A few years ago on a Monday I was working out of the local office when I noticed it was about 12:30 and I had not eaten lunch. I looked around the office and the only person around was a relatively new guy who I didn’t know too well. Since our company was about building relationships, I asked him if he wanted to join me for lunch. He said yes and off to PF Changs we went.

I must have had a late breakfast as I wasn’t too hungry and Changs’ portions are large so I just ordered some California rolls. They were a little dry and weird – must have been the weekend rolls left over that they were selling on a Monday

After lunch, we returned to the office and within a few minutes I started to feel an F5 colon blast coming on – it was churning and gurgling like a Three Mile Island reactor meltdown and I knew I needed to hit the restroom fast.

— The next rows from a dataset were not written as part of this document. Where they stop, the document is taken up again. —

lemma sw_pt_Suc: "sw_pt \<phi> F u x0 (Suc j) =
    sw_pt \<phi> F u x0 j + step_size \<phi> F u x0 j *\<^sub>R F (step_size \<phi> F u x0 j) (sw_pt \<phi> F u x0 j)"
  by (simp add: sw_time_def sw_pt_def step_size_def Let_def split: prod.split)

lemma hyb_traj_switch_points:
  "hyb_traj \<phi> F u x0 j (sw_time \<phi> F u x0 j) = sw_pt \<phi> F u x0 j"
  "hyb_traj \<phi> F u x0 j (sw_time \<phi> F u x0 (Suc j)) = sw_pt \<phi> F u x0 (Suc j)"
  by (simp_all add: hyb_traj_def sw_time_Suc sw_pt_Suc)

lemma step_size_pos: "\<forall>x. \<phi> x > 0 \<Longrightarrow> step_size \<phi> F u x0 j > 0"
  by (simp add: step_size_def)

lemma sw_time_nonneg:
  assumes "\<forall>x. \<phi> x > 0"
  shows "sw_time \<phi> F u x0 j \<ge> 0"
proof (induction j)
  case 0
  show ?case by simp
next
  case (Suc j)
  then show ?case using step_size_pos[OF assms] by (simp add: sw_time_Suc add_nonneg_pos less_imp_le)
qed

lemma step_size_le_phi:
  assumes "\<forall>x. \<phi> x > 0" and "\<forall>t\<ge>0. u t \<ge> 0"
  shows "step_size \<phi> F u x0 j \<le> \<phi> (sw_pt \<phi> F u x0 j)"
proof -
  have "exp (- u (sw_time \<phi> F u x0 j)) \<le> 1" using assms sw_time_nonneg[OF assms(1)] by simp
  then show ?thesis using assms(1) by (simp add: step_size_def mult_left_le)
qed

lemma sw_pt_bound:
  assumes "\<forall>x. \<phi> x > 0"
    and "\<forall>i. \<forall>t\<in>{sw_time \<phi> F u x0 i..sw_time \<phi> F u x0 (Suc i)}. norm (hyb_traj \<phi> F u x0 i t) \<le> b t"
  shows "norm (sw_pt \<phi> F u x0 j) \<le> b (sw_time \<phi> F u x0 j)"
proof -
  have "sw_time \<phi> F u x0 j \<in> {sw_time \<phi> F u x0 j..sw_time \<phi> F u x0 (Suc j)}"
    using step_size_pos[OF assms(1)] by (simp add: sw_time_Suc less_imp_le)
  then show ?thesis using assms(2) hyb_traj_switch_points(1) by metis
qed

subsection \<open>Propagation of the error\<close>

definition trunc_err :: "(real \<Rightarrow> 'a \<Rightarrow> 'a) \<Rightarrow> (real \<Rightarrow> 'a \<Rightarrow> 'a) \<Rightarrow> real \<Rightarrow> 'a \<Rightarrow> 'a::real_normed_vector"
  where "trunc_err z F h x = (1 / h) *\<^sub>R (z h x - x) - F h x"

lemma one_step_error:
  fixes z F :: "real \<Rightarrow> 'a::real_normed_vector \<Rightarrow> 'a"
  assumes h: "h > 0" and lip: "norm (F h y - F h x) \<le> K * norm (y - x)"
  shows "norm (z h y - (x + h *\<^sub>R F h x)) \<le> (1 + h * K) * norm (y - x) + h * norm (trunc_err z F h y)"
proof -
  have "z h y - (x + h *\<^sub>R F h x) = (y - x) + h *\<^sub>R (F h y - F h x) + h *\<^sub>R trunc_err z F h y"
    using h by (simp add: trunc_err_def algebra_simps)
  then have "norm (z h y - (x + h *\<^sub>R F h x))
      \<le> norm (y - x) + h * norm (F h y - F h x) + h * norm (trunc_err z F h y)"
    using h by (metis abs_of_pos norm_scaleR norm_triangle_le norm_triangle_mono order_refl)
  also have "\<dots> \<le> norm (y - x) + h * (K * norm (y - x)) + h * norm (trunc_err z F h y)"
    using lip h by (simp add: mult_left_mono)
  finally show ?thesis by (simp add: algebra_simps)
qed

text \<open>Exponential growth bound for the error at the switching times, with \<open>D\<close> the largest
  truncation error along the exact solution; the Lipschitz bound for \<open>F\<close> is only needed
  between the exact and approximate states at the switching times.\<close>
lemma hybrid_error_growth:
  fixes f :: "'a::real_normed_vector \<Rightarrow> 'a" and z F :: "real \<Rightarrow> 'a \<Rightarrow> 'a"
  assumes f_lip: "loc_lipschitz f" and z_init: "\<forall>x. z 0 x = x"
    and z_ode: "\<forall>x. \<forall>t\<ge>0. ((\<lambda>s. z s x) has_vector_derivative f (z t x)) (at t within {0..})"
    and \<phi>_pos: "\<forall>x. \<phi> x > 0" and u_nonneg: "\<forall>t\<ge>0. u t \<ge> 0" and K: "K > 0"
    and F_lip: "\<And>j h. h \<in> {0..\<phi> (sw_pt \<phi> F u x0 j)} \<Longrightarrow>
      norm (F h (z (sw_time \<phi> F u x0 j) x0) - F h (sw_pt \<phi> F u x0 j))
        \<le> K * norm (z (sw_time \<phi> F u x0 j) x0 - sw_pt \<phi> F u x0 j)"
  shows "norm (z (sw_time \<phi> F u x0 (Suc i)) x0 - sw_pt \<phi> F u x0 (Suc i))
    \<le> Max ((\<lambda>j. norm (trunc_err z F (step_size \<phi> F u x0 j) (z (sw_time \<phi> F u x0 j) x0))) ` {0..i}) / K
        * (exp (K * sw_time \<phi> F u x0 (Suc i)) - 1)"
proof -
  let ?\<tau> = "sw_time \<phi> F u x0" and ?h = "step_size \<phi> F u x0" and ?x = "sw_pt \<phi> F u x0"
  let ?E = "\<lambda>j. norm (z (?\<tau> j) x0 - ?x j)"
    and ?d = "\<lambda>j. norm (trunc_err z F (?h j) (z (?\<tau> j) x0))"
  have E_step: "?E (Suc j) \<le> (1 + ?h j * K) * ?E j + ?h j * ?d j" for j
  proof -
    have flow: "z (?\<tau> (Suc j)) x0 = z (?h j) (z (?\<tau> j) x0)"
      using flow_semigroup[OF f_lip z_init z_ode sw_time_nonneg[OF \<phi>_pos] less_imp_le[OF step_size_pos[OF \<phi>_pos]]]
      by (simp add: sw_time_Suc)
    have "?h j \<in> {0..\<phi> (?x j)}"
      using step_size_pos[OF \<phi>_pos] step_size_le_phi[OF \<phi>_pos u_nonneg] by (simp add: less_imp_le)
    from one_step_error[where z = z and F = F and h = "?h j" and y = "z (?\<tau> j) x0" and x = "?x j",
        OF step_size_pos[OF \<phi>_pos] F_lip[OF this]]
    show ?thesis by (simp add: flow sw_pt_Suc)
  qed
  define D where "D = Max (?d ` {0..i})"
  have d_le: "?d j \<le> D" if "j < Suc i" for j
    using that by (auto simp: D_def intro: Max_ge)
  have "D \<ge> 0" using d_le[of 0] norm_ge_zero order_trans by blast
  have "?E (Suc i) \<le> D / K * (exp (K * (?\<tau> (Suc i) - ?\<tau> 0)) - 1)"
    by (rule discrete_gronwall[where E = ?E and d = ?d, OF _ K \<open>D \<ge> 0\<close> sw_time_Suc _ E_step d_le])
      (use z_init step_size_pos[OF \<phi>_pos] in \<open>auto simp: less_imp_le\<close>)
  then show ?thesis by (simp add: D_def)
qed

lemma difference_decay:
  fixes y x :: "'a::real_normed_vector"
  assumes y: "norm y \<le> exp (- \<sigma> * t) * A" and x: "norm x \<le> exp (- lam * \<sigma> * t) * A"
    and A: "A \<ge> 0" and \<sigma>: "\<sigma> \<ge> 0" and t: "t \<ge> 0" and lam: "lam \<le> 1"
  shows "norm (y - x) \<le> 2 * A * exp (- (lam * \<sigma>) * t)"
proof -
  have "lam * \<sigma> * t \<le> \<sigma> * t"
    using mult_right_mono[OF lam, of "\<sigma> * t"] \<sigma> t by (simp add: mult.assoc)
  then have "exp (- \<sigma> * t) \<le> exp (- lam * \<sigma> * t)" by simp
  then have "norm y \<le> exp (- lam * \<sigma> * t) * A" using y A by (meson mult_right_mono order_trans)
  then show ?thesis using norm_triangle_ineq4[of y x] x by (simp add: algebra_simps)
qed

theorem mainTheorem10:
  fixes f :: "'a::euclidean_space \<Rightarrow> 'a"
    and z :: "real \<Rightarrow> 'a \<Rightarrow> 'a"
    and \<phi> :: "'a \<Rightarrow> real"
    and F :: "real \<Rightarrow> 'a \<Rightarrow> 'a"
    and M :: "real \<Rightarrow> real"
    and r \<sigma> lam :: real
    and a :: "real \<Rightarrow> real"
    and L :: "'a \<Rightarrow> real"
    and u :: "real \<Rightarrow> real"
    and x0 :: 'a
  assumes f_lip: "loc_lipschitz f"
    and f0: "f 0 = 0"
    and z_init: "\<forall>x. z 0 x = x"
    and z_ode: "\<forall>x. \<forall>t\<ge>0. ((\<lambda>s. z s x) has_vector_derivative f (z t x)) (at t within {0..})"
    and r_pos: "r > 0"
    and \<phi>_cont: "continuous_on UNIV \<phi>"
    and \<phi>_range: "\<forall>x. 0 < \<phi> x \<and> \<phi> x \<le> r"
    and F0: "\<forall>h\<in>{0..r}. F h 0 = 0"
    and F_lim: "\<forall>x. ((\<lambda>h. F h x) \<longlongrightarrow> f x) (at_right 0)"
    and M_cont: "continuous_on {0..} M"
    and M_mono: "mono_on {0..} M"
    and F_bound: "\<forall>h\<in>{0..r}. \<forall>x. norm (F h x) \<le> norm x * M (norm x)"
    and \<sigma>_pos: "\<sigma> > 0"
    and lam_range: "0 < lam" "lam < 1"
    and a_K: "class_K_inf a"
    and z_stab: "\<forall>t\<ge>0. \<forall>z0. norm (z t z0) \<le> exp (- \<sigma> * t) * a (norm z0)"
    and x_stab: "\<forall>v y0. loc_bounded_input v \<longrightarrow> (\<forall>i. \<forall>t\<in>{sw_time \<phi> F v y0 i..sw_time \<phi> F v y0 (Suc i)}.
        norm (hyb_traj \<phi> F v y0 i t) \<le> exp (- lam * \<sigma> * t) * a (norm y0))"
    and L_cont: "continuous_on UNIV L"
    and L_pos: "\<forall>x. L x > 0"
    and F_lip: "\<forall>y0 zz x h. norm x \<le> a (norm y0) \<longrightarrow> norm zz \<le> a (norm y0) \<longrightarrow> h \<in> {0..\<phi> x} \<longrightarrow>
        norm (F h zz - F h x) \<le> L y0 * norm (zz - x)"
    and u_lb: "loc_bounded_input u"
  shows "\<forall>i. let \<tau> = sw_time \<phi> F u x0; h = step_size \<phi> F u x0;
            e = (\<lambda>t. z t x0 - hyb_traj \<phi> F u x0 i t);
            dt = (\<lambda>hh x. (1 / hh) *\<^sub>R (z hh x - x) - F hh x);
            D = Max ((\<lambda>j. norm (dt (h j) (z (\<tau> j) x0))) ` {0..i})
         in norm (e (\<tau> (Suc i))) \<le> D / L x0 * (exp (L x0 * \<tau> (Suc i)) - 1)
          \<and> norm (e (\<tau> (Suc i))) \<le> (D / L x0) powr (lam * \<sigma> / (lam * \<sigma> + L x0))
                * (2 * a (norm x0)) powr (L x0 / (lam * \<sigma> + L x0))"
proof -
  have \<phi>_pos: "\<forall>x. \<phi> x > 0" and u_nonneg: "\<forall>t\<ge>0. u t \<ge> 0"
    using \<phi>_range u_lb by (auto simp: loc_bounded_input_def)
  note \<tau>_nonneg = sw_time_nonneg[OF \<phi>_pos]
  let ?\<tau> = "sw_time \<phi> F u x0" and ?x = "sw_pt \<phi> F u x0" and ?A = "a (norm x0)"
  have "norm x0 \<le> ?A" using z_stab z_init by (metis order_refl mult_1 exp_zero mult_zero_right)
  then have A: "?A \<ge> 0" using norm_ge_zero order_trans by blast
  have shrink: "exp (c * t) * ?A \<le> ?A" if "c \<le> 0" "t \<ge> 0" for c t
    using that A by (simp add: mult_left_le_one_le mult_nonpos_nonneg)
  have z_decay: "norm (z (?\<tau> j) x0) \<le> exp (- \<sigma> * ?\<tau> j) * ?A" for j
    using z_stab \<tau>_nonneg by simp
  have x_decay: "norm (?x j) \<le> exp (- lam * \<sigma> * ?\<tau> j) * ?A" for j
    using sw_pt_bound[OF \<phi>_pos x_stab[THEN spec, THEN spec, THEN mp, OF u_lb]] .
  have bounded: "norm (z (?\<tau> j) x0) \<le> ?A" "norm (?x j) \<le> ?A" for j
    using order_trans[OF z_decay shrink] order_trans[OF x_decay shrink] \<sigma>_pos lam_range \<tau>_nonneg
    by simp_all
  have dt_eq: "(\<lambda>hh x. (1 / hh) *\<^sub>R (z hh x - x) - F hh x) = trunc_err z F"
    by (simp add: fun_eq_iff trunc_err_def)
  show ?thesis unfolding dt_eq Let_def hyb_traj_switch_points(2)
  proof (intro allI conjI)
    fix i
    let ?e = "norm (z (?\<tau> (Suc i)) x0 - ?x (Suc i))"
      and ?D = "Max ((\<lambda>j. norm (trunc_err z F (step_size \<phi> F u x0 j) (z (?\<tau> j) x0))) ` {0..i})"
    show growth: "?e \<le> ?D / L x0 * (exp (L x0 * ?\<tau> (Suc i)) - 1)"
      using F_lip[rule_format, OF bounded(2) bounded(1)]
      by (intro hybrid_error_growth[OF f_lip z_init z_ode \<phi>_pos u_nonneg L_pos[rule_format]])
    have decay: "?e \<le> 2 * ?A * exp (- (lam * \<sigma>) * ?\<tau> (Suc i))"
      using difference_decay[OF z_decay x_decay A] \<sigma>_pos lam_range \<tau>_nonneg by simp
    have "?D \<ge> 0" by (rule order_trans[OF norm_ge_zero Max_ge]) auto
    then show "?e \<le> (?D / L x0) powr (lam * \<sigma> / (lam * \<sigma> + L x0)) * (2 * ?A) powr (L x0 / (lam * \<sigma> + L x0))"
      using interpolate_bounds[OF _ _ _ _ _ growth decay] A \<sigma>_pos lam_range L_pos by simp
  qed
qed

end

Those California Rolls were loaded with some nastiness that my body decided to reject immediately.

Now the office we had – at the time – had a small men’s room with just one toilet so you could not be anonymous if you were launching anything in there substantial … so I hesitated to use it. But I lived only a mile from the office so I decided to go home for the tragedy.

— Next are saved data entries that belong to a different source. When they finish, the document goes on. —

(* For integers $q\ge1$, $a$, $n$ let $S(q,a,n)=\sum_{x=1}^q e\big(\frac{ax^2+nx}{q}\big)$, and for integers $n_1,n_2,n_3,m$ let $$T(q;n_1,n_2,n_3,m)=\sum_{\substack{a=1\\ (a,q)=1}}^q S(q,a,n_1)S(q,a,n_2)S(q,a,n_3)\,e\Big(\frac{\overline{a}\,m}{q}\Big),$$ where $\overline{a}$ is the inverse of $a$ modulo $q$. Let $p>2$ be a prime. Then for every positive integer $r$ and all integers $n_1,n_2,n_3,m$, $$|T(p^r;n_1,n_2,n_3,m)|\le p^{5r/2},$$ and moreover $$|T(p;n_1,n_2,n_3,m)|\le p^{2}.$$
   Context: $e(z)=e^{2\pi i z}$. *)

theory Defs
  imports "HOL-Analysis.Analysis" "HOL-Number_Theory.Number_Theory"
begin

definition e :: "real \<Rightarrow> complex" where
  "e z = exp (2 * pi * \<i> * complex_of_real z)"

definition inv_mod :: "int \<Rightarrow> int \<Rightarrow> int" where
  "inv_mod q a = (THE b. b \<in> {1..q} \<and> [a * b = 1] (mod q))"

definition S :: "int \<Rightarrow> int \<Rightarrow> int \<Rightarrow> complex" where
  "S q a n = (\<Sum>x\<in>{1..q}. e (real_of_int (a * x^2 + n * x) / real_of_int q))"

definition T :: "int \<Rightarrow> int \<Rightarrow> int \<Rightarrow> int \<Rightarrow> int \<Rightarrow> complex" where
  "T q n1 n2 n3 m = (\<Sum>a\<in>{a\<in>{1..q}. coprime a q}.
      S q a n1 * S q a n2 * S q a n3 * e (real_of_int (inv_mod q a * m) / real_of_int q))"

end

theory Submission
  imports Defs
begin

text \<open>For odd \<open>q\<close> and \<open>a\<close> prime to \<open>q\<close> the Gauss sum \<open>S q a n\<close> has absolute value exactly
  \<open>\<surd>q\<close>, so each of the at most \<open>q\<close> summands of \<open>T q\<close> has size \<open>q\<^sup>3\<^sup>/\<^sup>2\<close>; this gives the bound for
  \<open>q = p\<^sup>r\<close>. For \<open>q = p\<close> prime one saves a further \<open>\<surd>p\<close>. Let \<open>a'\<close> and \<open>h\<close> be the inverses of \<open>a\<close>
  and \<open>2\<close> modulo \<open>p\<close>. Completing the square gives \<open>S p a n = e(-a' h\<^sup>2 n\<^sup>2 / p) S p a 0\<close>, and
  \<open>S p a 0 = (a/p) S p 1 0\<close>, so \<open>T p = S p 1 0\<^sup>3 \<Sum>\<^sub>a (a/p) e(a' K / p)\<close> for an integer \<open>K\<close>.
  Since \<open>(a'/p) = (a/p)\<close>, the substitution \<open>b = a'\<close> turns the last sum into a Gauss sum of the
  Legendre symbol, which vanishes or has absolute value \<open>\<surd>p\<close>.\<close>

section \<open>Additive characters modulo \<open>q\<close>\<close>

lemma e_add: "e (x + y) = e x * e y"
  unfolding e_def by (simp add: distrib_left exp_add[symmetric])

About a half mile home I wasn’t sure I was going to make it. The Cal Rolls and everything I ate from the day before were all starting to head south. I was pinching my ass cheeks together in the car. As I approached my apartment complex, I had to make a quick call – it was all coming out very soon – so I decided I could not drive up the parking garage to my 4th floor apartment and make it down the long hall to my door.

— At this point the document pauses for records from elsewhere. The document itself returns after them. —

lemma path_sign_sum_expansion:
  fixes f :: "'v \<Rightarrow> 'a::comm_ring_1"
  assumes blocks: "\<forall>l\<in>{1..L}. (\<Sum>w\<in>V l. f w) = 0"
  shows "f u = (\<Sum>v\<in>UNIV - black. f v * of_int (path_sign_sum L V v0 v u))"
proof -
  let ?expands = "\<lambda>u. f u = (\<Sum>v\<in>UNIV - black. f v * of_int (path_sign_sum L V v0 v u))"
  have white: "?expands u" if "u \<notin> black" for u
    using that by (simp add: path_sign_sum_white if_distrib cong: if_cong)
  have "l \<in> {1..L} \<longrightarrow> ?expands (v0 l)" for l
  proof (induction l rule: less_induct)
    case (less l)
    show ?case
    proof
      assume l: "l \<in> {1..L}"
      show "?expands (v0 l)"
      proof (rule path_sign_sum_expansion_v0[OF l])
        fix w assume w: "w \<in> V l - {v0 l}"
        show "?expands w"
        proof (cases "w \<in> black")
          case True
          then obtain k where k: "k \<in> {1..L}" "w = v0 k" by auto
          then have "k < l" using v0_mem_V_imp_less[OF l k(1)] w by auto
          then show ?thesis using less k by blast
        qed (rule white)
      qed (use blocks l in blast)
    qed
  qed
  then show ?thesis using white by (cases "u \<in> black") auto
qed

end

section \<open>The zero-energy states\<close>

lemma a_coef_eq:
  "a_coef L V v0 v \<sigma> (u, \<tau>) = (if \<tau> = \<sigma> then of_int (path_sign_sum L V v0 v u) else 0)"
  unfolding a_coef_def reach_def path_sign_sum_def by auto

lemma a_dag_vacuum_singleton:
  "a_dag L V v0 v \<sigma> vacuum {(u, \<tau>)} = (if \<tau> = \<sigma> then of_int (path_sign_sum L V v0 v u) else 0)"
  unfolding a_dag_def cre_comb_vacuum_singleton a_coef_eq by simp

lemma a_dag_vacuum_not_singleton:
  "\<forall>y. S \<noteq> {y} \<Longrightarrow> a_dag L V v0 v \<sigma> vacuum S = 0"
  unfolding a_dag_def by (rule cre_comb_vacuum_not_singleton)

locale hopping_model = graph_construction L V v0
  for L and V :: "nat \<Rightarrow> 'v::{finite,linorder} set" and v0 +
  assumes all_vertices: "all_vertices L V = UNIV"
begin

lemma white_vertices_eq: "white_vertices L V v0 = UNIV - black"
  unfolding white_vertices_def all_vertices ..

lemma sum_of_int_path_sign_sum_V:
  assumes "v \<in> white_vertices L V v0" "l \<in> {1..L}"
  shows "(\<Sum>u\<in>V l. (of_int (path_sign_sum L V v0 v u) :: complex)) = 0"
  using sum_path_sign_sum_V[of v l] assms white_vertices_eq by (simp flip: of_int_sum)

I felt a little bit like Captain Sollenberger when he told the air traffic controller – after the bird strike caused both engines to fail – that he couldn’t make it back to any airport.

We’re gonna be in the Hudson

So my ‘Hudson’ plan was to park in front of the Apt Office as I knew there was a bathroom on the first floor off of the pool area I could use.

So I parked near the main entrance and as I got out the car, I literally had to waddle a bit traversing the 100 feet to the door keeping my cheeks together as the colon blow had travelled all the way to my sphincter.

My pinched ass cheeks and Newton’s Law of Gravity were battling it out on every step.

I made it inside the building and hoped no one was in the bathroom. I opened the door and it was all clear so I waddled to the stall door and pushed it open … all good so far … but as I closed the door and took a step and tried to spin and sit down, I lost my mojo and relaxed for just a second and ….. K’boom!!!! … an absolute Hiroshima blast of liquid like, somewhat solid, foul smelling, endless explosion of ass-matter.

I managed to kinda get my pants off and sit down all while it was being released — so about half went into the toilet and the rest went down my leg, on the floor, in my pants. My underwear, which had barely been pulled down, was sitting between my legs like a sling completely filled with whatever was in my ass 10 second before. So I lifted the underwear up, backwards and then down and its contents splashed back into the water like someone dropped an 18 pound Honeybaked ham in it.

So now I have to triage this motherfucker – I have to clean this up and get to my apartment. So I took a quick inventory of what clothes could be saved and what is soiled and needs to be burned. I took my shoes off and used my socks to clean up some of the area – my tee shirt was used to clean up as well. My underwear was a disaster. I used all the toilet paper and cleaned up as much as I could. I pulled my pants up with ass matter sticking all over my legs and ass, put on my shoes with no socks but did have on my dress shirt.

I was able to get out the stall and then used paper towels to finish cleaning and eventually stuffed all the shitty clothes and everything else down the trash can.

I declined to use the elevator to get to the 4th floor as I had to smell like shit. I walked down the hall, took the stairs and got to my place. I took off my pants and threw them in the trash, cleaned my shoes, and took a long shower.

Then I drove back to work like nothing had happened.